● **What you should do**
Line by line, repeat the material below without any deviation.

Start of Records supplied

lemma Lmax_add_n1_eq:
  assumes "numerical_monoid (mon3 n1 n2 n3)" and "n1 < n2" and "n2 < n3"
    and alpha: "Lmax n1 n2 n3 (alphaM n1 n2 n3 * n2) = Lmax n1 n2 n3 (alphaM n1 n2 n3 * n2 - n1) + 1"
    and x: "x \<in> mon3 n1 n2 n3"
  shows "Lmax n1 n2 n3 (x + n1) = Lmax n1 n2 n3 x + 1"
proof -
  have "x + n1 \<in> mon3 n1 n2 n3"
    using x generators_in_mon3(1) by (rule mon3_add)
  then obtain b1 b2 b3 where b: "b1 * n1 + b2 * n2 + b3 * n3 = x + n1" "b1 + b2 + b3 = Lmax n1 n2 n3 (x + n1)"
    by (rule Lmax_attained)
  obtain c1 c2 c3 where c: "c1 * n1 + c2 * n2 + c3 * n3 = x" "c1 + c2 + c3 = Lmax n1 n2 n3 x"
    using Lmax_attained[OF x] .
  have "b1 + b2 + b3 \<le> Lmax n1 n2 n3 x + 1"
  proof (cases "b1 = 0")
    case False
    then have "(b1 - 1) * n1 + b2 * n2 + b3 * n3 = x"
      using b(1) by (cases b1) simp_all
    then have "(b1 - 1) + b2 + b3 \<le> Lmax n1 n2 n3 x"
      by (rule Lmax_ge)
    then show ?thesis
      using False by simp
  next
    case True
    show ?thesis
    proof (cases "c1 + c2 + c3 + 2 \<le> b2 + b3")
      case longer: True
      have "b2 * n2 + b3 * n3 = (c1 + 1) * n1 + c2 * n2 + c3 * n3"
        using b(1) c(1) \<open>b1 = 0\<close> by simp
      then obtain k m where "k \<le> b2" "m \<in> mon3 n1 n2 n3" "k * n2 = n1 + m"
        using ex_mult_n2_eq_n1_add_mon3 assms(2,3) longer by blast
      then have "alphaM n1 n2 n3 \<le> b2"
        using alphaM_le by fastforce
      then show ?thesis
        using Lmax_bound_if_alphaM_le[OF assms(1) alpha] b(1) \<open>b1 = 0\<close> by simp
    next
      case False
      then show ?thesis
        using \<open>b1 = 0\<close> c(2) by simp
    qed
  qed
  then show ?thesis
    using Lmax_add_n1_ge[OF x] b(2) by simp
qed

lemma lmin_add_n3_eq:
  assumes "numerical_monoid (mon3 n1 n2 n3)" and "n1 < n2" and "n2 < n3"
    and beta: "lmin n1 n2 n3 (betaM n1 n2 n3 * n2) = lmin n1 n2 n3 (betaM n1 n2 n3 * n2 - n3) + 1"
    and x: "x \<in> mon3 n1 n2 n3"
  shows "lmin n1 n2 n3 (x + n3) = lmin n1 n2 n3 x + 1"
proof -
  have "x + n3 \<in> mon3 n1 n2 n3"
    using x generators_in_mon3(3) by (rule mon3_add)
  then obtain b1 b2 b3 where b: "b1 * n1 + b2 * n2 + b3 * n3 = x + n3" "b1 + b2 + b3 = lmin n1 n2 n3 (x + n3)"
    by (rule lmin_attained)
  obtain c1 c2 c3 where c: "c1 * n1 + c2 * n2 + c3 * n3 = x" "c1 + c2 + c3 = lmin n1 n2 n3 x"
    using lmin_attained[OF x] .
  have "lmin n1 n2 n3 x + 1 \<le> b1 + b2 + b3"
  proof (cases "b3 = 0")
    case False
    then have "b1 * n1 + b2 * n2 + (b3 - 1) * n3 = x"
      using b(1) by (cases b3) simp_all
    then have "lmin n1 n2 n3 x \<le> b1 + b2 + (b3 - 1)"
      by (rule lmin_le)
    then show ?thesis
      using False by simp
  next
    case True
    show ?thesis
    proof (cases "b1 + b2 \<le> c1 + c2 + c3")
      case not_longer: True
      have "b1 * n1 + b2 * n2 = c1 * n1 + c2 * n2 + (c3 + 1) * n3"
        using b(1) c(1) \<open>b3 = 0\<close> by simp
      then obtain k m where "k \<le> b2" "m \<in> mon3 n1 n2 n3" "k * n2 = n3 + m"
        using ex_mult_n2_eq_n3_add_mon3 assms(2,3) not_longer by blast
      then have "betaM n1 n2 n3 \<le> b2"
        using betaM_le by fastforce
      then show ?thesis
        using lmin_bound_if_betaM_le[OF assms(1) beta] b(1) \<open>b3 = 0\<close> by simp
    next
      case False
      then show ?thesis
        using \<open>b3 = 0\<close> c(2) by simp
    qed
  qed
  then show ?thesis
    using lmin_add_n3_le[OF x] b(2) by simp
qed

End of Records supplied

● **Written response**
lemma Lmax_add_n1_eq:
  assumes "numerical_monoid (mon3 n1 n2 n3)" and "n1 < n2" and "n2 < n3"
    and alpha: "Lmax n1 n2 n3 (alphaM n1 n2 n3 * n2) = Lmax n1 n2 n3 (alphaM n1 n2 n3 * n2 - n1) + 1"
    and x: "x \<in> mon3 n1 n2 n3"
  shows "Lmax n1 n2 n3 (x + n1) = Lmax n1 n2 n3 x + 1"
proof -
  have "x + n1 \<in> mon3 n1 n2 n3"
    using x generators_in_mon3(1) by (rule mon3_add)
  then obtain b1 b2 b3 where b: "b1 * n1 + b2 * n2 + b3 * n3 = x + n1" "b1 + b2 + b3 = Lmax n1 n2 n3 (x + n1)"
    by (rule Lmax_attained)
  obtain c1 c2 c3 where c: "c1 * n1 + c2 * n2 + c3 * n3 = x" "c1 + c2 + c3 = Lmax n1 n2 n3 x"
    using Lmax_attained[OF x] .
  have "b1 + b2 + b3 \<le> Lmax n1 n2 n3 x + 1"
  proof (cases "b1 = 0")
    case False
    then have "(b1 - 1) * n1 + b2 * n2 + b3 * n3 = x"
      using b(1) by (cases b1) simp_all
    then have "(b1 - 1) + b2 + b3 \<le> Lmax n1 n2 n3 x"
      by (rule Lmax_ge)
    then show ?thesis
      using False by simp
  next
    case True
    show ?thesis
    proof (cases "c1 + c2 + c3 + 2 \<le> b2 + b3")
      case longer: True
      have "b2 * n2 + b3 * n3 = (c1 + 1) * n1 + c2 * n2 + c3 * n3"
        using b(1) c(1) \<open>b1 = 0\<close> by simp
      then obtain k m where "k \<le> b2" "m \<in> mon3 n1 n2 n3" "k * n2 = n1 + m"
        using ex_mult_n2_eq_n1_add_mon3 assms(2,3) longer by blast
      then have "alphaM n1 n2 n3 \<le> b2"
        using alphaM_le by fastforce
      then show ?thesis
        using Lmax_bound_if_alphaM_le[OF assms(1) alpha] b(1) \<open>b1 = 0\<close> by simp
    next
      case False
      then show ?thesis
        using \<open>b1 = 0\<close> c(2) by simp
    qed
  qed
  then show ?thesis
    using Lmax_add_n1_ge[OF x] b(2) by simp
qed

lemma lmin_add_n3_eq:
  assumes "numerical_monoid (mon3 n1 n2 n3)" and "n1 < n2" and "n2 < n3"
    and beta: "lmin n1 n2 n3 (betaM n1 n2 n3 * n2) = lmin n1 n2 n3 (betaM n1 n2 n3 * n2 - n3) + 1"
    and x: "x \<in> mon3 n1 n2 n3"
  shows "lmin n1 n2 n3 (x + n3) = lmin n1 n2 n3 x + 1"
proof -
  have "x + n3 \<in> mon3 n1 n2 n3"
    using x generators_in_mon3(3) by (rule mon3_add)
  then obtain b1 b2 b3 where b: "b1 * n1 + b2 * n2 + b3 * n3 = x + n3" "b1 + b2 + b3 = lmin n1 n2 n3 (x + n3)"
    by (rule lmin_attained)
  obtain c1 c2 c3 where c: "c1 * n1 + c2 * n2 + c3 * n3 = x" "c1 + c2 + c3 = lmin n1 n2 n3 x"
    using lmin_attained[OF x] .
  have "lmin n1 n2 n3 x + 1 \<le> b1 + b2 + b3"
  proof (cases "b3 = 0")
    case False
    then have "b1 * n1 + b2 * n2 + (b3 - 1) * n3 = x"
      using b(1) by (cases b3) simp_all
    then have "lmin n1 n2 n3 x \<le> b1 + b2 + (b3 - 1)"
      by (rule lmin_le)
    then show ?thesis
      using False by simp
  next
    case True
    show ?thesis
    proof (cases "b1 + b2 \<le> c1 + c2 + c3")
      case not_longer: True
      have "b1 * n1 + b2 * n2 = c1 * n1 + c2 * n2 + (c3 + 1) * n3"
        using b(1) c(1) \<open>b3 = 0\<close> by simp
      then obtain k m where "k \<le> b2" "m \<in> mon3 n1 n2 n3" "k * n2 = n3 + m"
        using ex_mult_n2_eq_n3_add_mon3 assms(2,3) not_longer by blast
      then have "betaM n1 n2 n3 \<le> b2"
        using betaM_le by fastforce
      then show ?thesis
        using lmin_bound_if_betaM_le[OF assms(1) beta] b(1) \<open>b3 = 0\<close> by simp
    next
      case False
      then show ?thesis
        using \<open>b3 = 0\<close> c(2) by simp
    qed
  qed
  then show ?thesis
    using lmin_add_n3_le[OF x] b(2) by simp
qed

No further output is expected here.